— EXERCISE —
Copy out each line below exactly as written.

(Stored items)
——

lemma fhat_lat_monomial_upd:
  "fhat n c (lat_monomial (z(i := w)))
     = poly (\<Sum>k<n i. monom (fhat n (coord_slice i (int k) c) (lat_monomial z)) k) w"
proof -
  have slice: "fhat n (coord_slice i (int k) c) (lat_monomial z)
      = (\<Sum>h\<in>{h \<in> Gset n. h i = 0}. c (h(i := int k)) * lat_monomial z h)" for k
    unfolding fhat_def coord_slice_def by (subst sum.inter_filter) (auto intro: sum.cong)
  have "fhat n c (lat_monomial (z(i := w)))
      = (\<Sum>k<n i. \<Sum>h\<in>{h \<in> Gset n. h i = 0}. c (h(i := int k)) * (w ^ k * lat_monomial z h))"
    unfolding fhat_def by (subst sum_Gset_slices[of _ i]) (simp add: lat_monomial_upd)
  also have "\<dots> = (\<Sum>k<n i. fhat n (coord_slice i (int k) c) (lat_monomial z) * w ^ k)"
    unfolding slice sum_distrib_right by (simp add: ac_simps)
  finally show ?thesis
    by (simp add: poly_sum poly_monom)
qed

lemma coord_slice_in_FG:
  assumes "c \<in> FG n"
  shows "coord_slice i k c \<in> FG n"
proof -
  have "h \<in> Gset n" if "h i = 0" and "c (h(i := k)) \<noteq> 0" for h
  proof -
    have "h(i := k) \<in> Gset n"
      using that(2) assms by (auto simp: FG_def)
    then have "0 \<le> h j \<and> h j < int (n j)" for j
      using that(1) n_pos[of j] by (cases "j = i") (auto simp: Gset_def dest: spec[of _ j])
    then show ?thesis
      by (simp add: Gset_def)
  qed
  then show ?thesis
    by (auto simp: FG_def coord_slice_def)
qed

end

locale discrete_torus_fourier = discrete_torus n for n :: "'s::finite \<Rightarrow> nat" +
  fixes field_type :: "'k::field itself"
  assumes alg_closed: "\<And>P::'k poly. degree P > 0 \<Longrightarrow> \<exists>x. poly P x = 0"
    and of_nat_n_nonzero: "of_nat (n i) \<noteq> (0::'k)"
begin

lemma exists_root_of_unity_fhat_upd_nonzero:
  fixes c :: "'s lat \<Rightarrow> 'k"
  assumes "fhat n (coord_slice i (int k) c) (lat_monomial z) \<noteq> 0" and "k < n i"
  shows "\<exists>w. w ^ n i = 1 \<and> fhat n c (lat_monomial (z(i := w))) \<noteq> 0"
proof -
  define P where "P = (\<Sum>k<n i. monom (fhat n (coord_slice i (int k) c) (lat_monomial z)) k)"
  have coeff_P: "coeff P m = (if m < n i then fhat n (coord_slice i (int m) c) (lat_monomial z) else 0)"
    for m
    by (simp add: P_def coeff_sum)
  have "P \<noteq> 0"
    using coeff_P[of k] assms by auto
  moreover have "degree P < n i"
  proof -
    have "degree P \<le> n i - 1"
      by (rule degree_le) (auto simp: coeff_P)
    then show ?thesis
      using n_pos[of i] by linarith
  qed
  ultimately obtain w where "w ^ n i = 1" and "poly P w \<noteq> 0"
    using exists_root_of_unity_not_root[OF alg_closed of_nat_n_nonzero] by blast
  then show ?thesis
    using fhat_lat_monomial_upd[of c z i w] by (auto simp: P_def)
qed

lemma exists_lat_monomial_fhat_nonzero_on:
  fixes c :: "'s lat \<Rightarrow> 'k"
  assumes "finite S" and "c \<in> FG n" and "c \<noteq> (\<lambda>_. 0)"
    and "\<And>g i. c g \<noteq> 0 \<Longrightarrow> i \<notin> S \<Longrightarrow> g i = 0"
  shows "\<exists>z. (\<forall>i. z i ^ n i = 1) \<and> fhat n c (lat_monomial z) \<noteq> 0"
  using assms
proof (induction S arbitrary: c rule: finite_induct)
  case empty
  then have supp: "c g = 0" if "g \<noteq> 0" for g
    using that by (auto simp: fun_eq_iff)
  from empty.prems(2) obtain g where "c g \<noteq> 0"
    by auto
  with supp have "c 0 \<noteq> 0"
    by (cases "g = 0") auto
  have "fhat n c (lat_monomial (\<lambda>_. 1)) = (\<Sum>g\<in>Gset n. if g = 0 then c 0 else 0)"
    unfolding fhat_def lat_monomial_def by (intro sum.cong) (auto simp: supp)
  also have "\<dots> = c 0"
    using zero_in_Gset by simp
  finally show ?case
    using \<open>c 0 \<noteq> 0\<close> by (intro exI[of _ "\<lambda>_. 1"]) simp
next
  case (insert i S)
  obtain g0 where "c g0 \<noteq> 0"
    using insert.prems(2) by auto
  then have "g0 \<in> Gset n"
    using insert.prems(1) by (auto simp: FG_def)
  define k0 where "k0 = nat (g0 i)"
  have "k0 < n i" and "int k0 = g0 i"
    using \<open>g0 \<in> Gset n\<close> by (auto simp: Gset_def k0_def nat_less_iff)
  have slice_supp: "h j = 0" if "coord_slice i k c h \<noteq> 0" and "j \<notin> S" for k h j
  proof -
    from that(1) have "h i = 0" and "c (h(i := k)) \<noteq> 0"
      by (auto simp: coord_slice_def split: if_splits)
    then show ?thesis
      using insert.prems(3)[of "h(i := k)" j] that(2) by (metis fun_upd_other insertE)
  qed
  have "coord_slice i (int k0) c (g0(i := 0)) \<noteq> 0"
    using \<open>c g0 \<noteq> 0\<close> \<open>int k0 = g0 i\<close> by (simp add: coord_slice_def)
  then have "coord_slice i (int k0) c \<noteq> (\<lambda>_. 0)"
    by auto
  then obtain z where z: "\<forall>j. z j ^ n j = 1"
    and "fhat n (coord_slice i (int k0) c) (lat_monomial z) \<noteq> 0"
    using insert.IH[of "coord_slice i (int k0) c", OF coord_slice_in_FG[OF insert.prems(1)]] slice_supp
    by blast
  then obtain w where "w ^ n i = 1" and "fhat n c (lat_monomial (z(i := w))) \<noteq> 0"
    using exists_root_of_unity_fhat_upd_nonzero \<open>k0 < n i\<close> by blast
  moreover have "\<forall>j. (z(i := w)) j ^ n j = 1"
    using z \<open>w ^ n i = 1\<close> by simp
  ultimately show ?case
    by blast
qed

——

— SOLUTION TO THIS EXERCISE —
lemma fhat_lat_monomial_upd:
  "fhat n c (lat_monomial (z(i := w)))
     = poly (\<Sum>k<n i. monom (fhat n (coord_slice i (int k) c) (lat_monomial z)) k) w"
proof -
  have slice: "fhat n (coord_slice i (int k) c) (lat_monomial z)
      = (\<Sum>h\<in>{h \<in> Gset n. h i = 0}. c (h(i := int k)) * lat_monomial z h)" for k
    unfolding fhat_def coord_slice_def by (subst sum.inter_filter) (auto intro: sum.cong)
  have "fhat n c (lat_monomial (z(i := w)))
      = (\<Sum>k<n i. \<Sum>h\<in>{h \<in> Gset n. h i = 0}. c (h(i := int k)) * (w ^ k * lat_monomial z h))"
    unfolding fhat_def by (subst sum_Gset_slices[of _ i]) (simp add: lat_monomial_upd)
  also have "\<dots> = (\<Sum>k<n i. fhat n (coord_slice i (int k) c) (lat_monomial z) * w ^ k)"
    unfolding slice sum_distrib_right by (simp add: ac_simps)
  finally show ?thesis
    by (simp add: poly_sum poly_monom)
qed

lemma coord_slice_in_FG:
  assumes "c \<in> FG n"
  shows "coord_slice i k c \<in> FG n"
proof -
  have "h \<in> Gset n" if "h i = 0" and "c (h(i := k)) \<noteq> 0" for h
  proof -
    have "h(i := k) \<in> Gset n"
      using that(2) assms by (auto simp: FG_def)
    then have "0 \<le> h j \<and> h j < int (n j)" for j
      using that(1) n_pos[of j] by (cases "j = i") (auto simp: Gset_def dest: spec[of _ j])
    then show ?thesis
      by (simp add: Gset_def)
  qed
  then show ?thesis
    by (auto simp: FG_def coord_slice_def)
qed

end

locale discrete_torus_fourier = discrete_torus n for n :: "'s::finite \<Rightarrow> nat" +
  fixes field_type :: "'k::field itself"
  assumes alg_closed: "\<And>P::'k poly. degree P > 0 \<Longrightarrow> \<exists>x. poly P x = 0"
    and of_nat_n_nonzero: "of_nat (n i) \<noteq> (0::'k)"
begin

lemma exists_root_of_unity_fhat_upd_nonzero:
  fixes c :: "'s lat \<Rightarrow> 'k"
  assumes "fhat n (coord_slice i (int k) c) (lat_monomial z) \<noteq> 0" and "k < n i"
  shows "\<exists>w. w ^ n i = 1 \<and> fhat n c (lat_monomial (z(i := w))) \<noteq> 0"
proof -
  define P where "P = (\<Sum>k<n i. monom (fhat n (coord_slice i (int k) c) (lat_monomial z)) k)"
  have coeff_P: "coeff P m = (if m < n i then fhat n (coord_slice i (int m) c) (lat_monomial z) else 0)"
    for m
    by (simp add: P_def coeff_sum)
  have "P \<noteq> 0"
    using coeff_P[of k] assms by auto
  moreover have "degree P < n i"
  proof -
    have "degree P \<le> n i - 1"
      by (rule degree_le) (auto simp: coeff_P)
    then show ?thesis
      using n_pos[of i] by linarith
  qed
  ultimately obtain w where "w ^ n i = 1" and "poly P w \<noteq> 0"
    using exists_root_of_unity_not_root[OF alg_closed of_nat_n_nonzero] by blast
  then show ?thesis
    using fhat_lat_monomial_upd[of c z i w] by (auto simp: P_def)
qed

lemma exists_lat_monomial_fhat_nonzero_on:
  fixes c :: "'s lat \<Rightarrow> 'k"
  assumes "finite S" and "c \<in> FG n" and "c \<noteq> (\<lambda>_. 0)"
    and "\<And>g i. c g \<noteq> 0 \<Longrightarrow> i \<notin> S \<Longrightarrow> g i = 0"
  shows "\<exists>z. (\<forall>i. z i ^ n i = 1) \<and> fhat n c (lat_monomial z) \<noteq> 0"
  using assms
proof (induction S arbitrary: c rule: finite_induct)
  case empty
  then have supp: "c g = 0" if "g \<noteq> 0" for g
    using that by (auto simp: fun_eq_iff)
  from empty.prems(2) obtain g where "c g \<noteq> 0"
    by auto
  with supp have "c 0 \<noteq> 0"
    by (cases "g = 0") auto
  have "fhat n c (lat_monomial (\<lambda>_. 1)) = (\<Sum>g\<in>Gset n. if g = 0 then c 0 else 0)"
    unfolding fhat_def lat_monomial_def by (intro sum.cong) (auto simp: supp)
  also have "\<dots> = c 0"
    using zero_in_Gset by simp
  finally show ?case
    using \<open>c 0 \<noteq> 0\<close> by (intro exI[of _ "\<lambda>_. 1"]) simp
next
  case (insert i S)
  obtain g0 where "c g0 \<noteq> 0"
    using insert.prems(2) by auto
  then have "g0 \<in> Gset n"
    using insert.prems(1) by (auto simp: FG_def)
  define k0 where "k0 = nat (g0 i)"
  have "k0 < n i" and "int k0 = g0 i"
    using \<open>g0 \<in> Gset n\<close> by (auto simp: Gset_def k0_def nat_less_iff)
  have slice_supp: "h j = 0" if "coord_slice i k c h \<noteq> 0" and "j \<notin> S" for k h j
  proof -
    from that(1) have "h i = 0" and "c (h(i := k)) \<noteq> 0"
      by (auto simp: coord_slice_def split: if_splits)
    then show ?thesis
      using insert.prems(3)[of "h(i := k)" j] that(2) by (metis fun_upd_other insertE)
  qed
  have "coord_slice i (int k0) c (g0(i := 0)) \<noteq> 0"
    using \<open>c g0 \<noteq> 0\<close> \<open>int k0 = g0 i\<close> by (simp add: coord_slice_def)
  then have "coord_slice i (int k0) c \<noteq> (\<lambda>_. 0)"
    by auto
  then obtain z where z: "\<forall>j. z j ^ n j = 1"
    and "fhat n (coord_slice i (int k0) c) (lat_monomial z) \<noteq> 0"
    using insert.IH[of "coord_slice i (int k0) c", OF coord_slice_in_FG[OF insert.prems(1)]] slice_supp
    by blast
  then obtain w where "w ^ n i = 1" and "fhat n c (lat_monomial (z(i := w))) \<noteq> 0"
    using exists_root_of_unity_fhat_upd_nonzero \<open>k0 < n i\<close> by blast
  moreover have "\<forall>j. (z(i := w)) j ^ n j = 1"
    using z \<open>w ^ n i = 1\<close> by simp
  ultimately show ?case
    by blast
qed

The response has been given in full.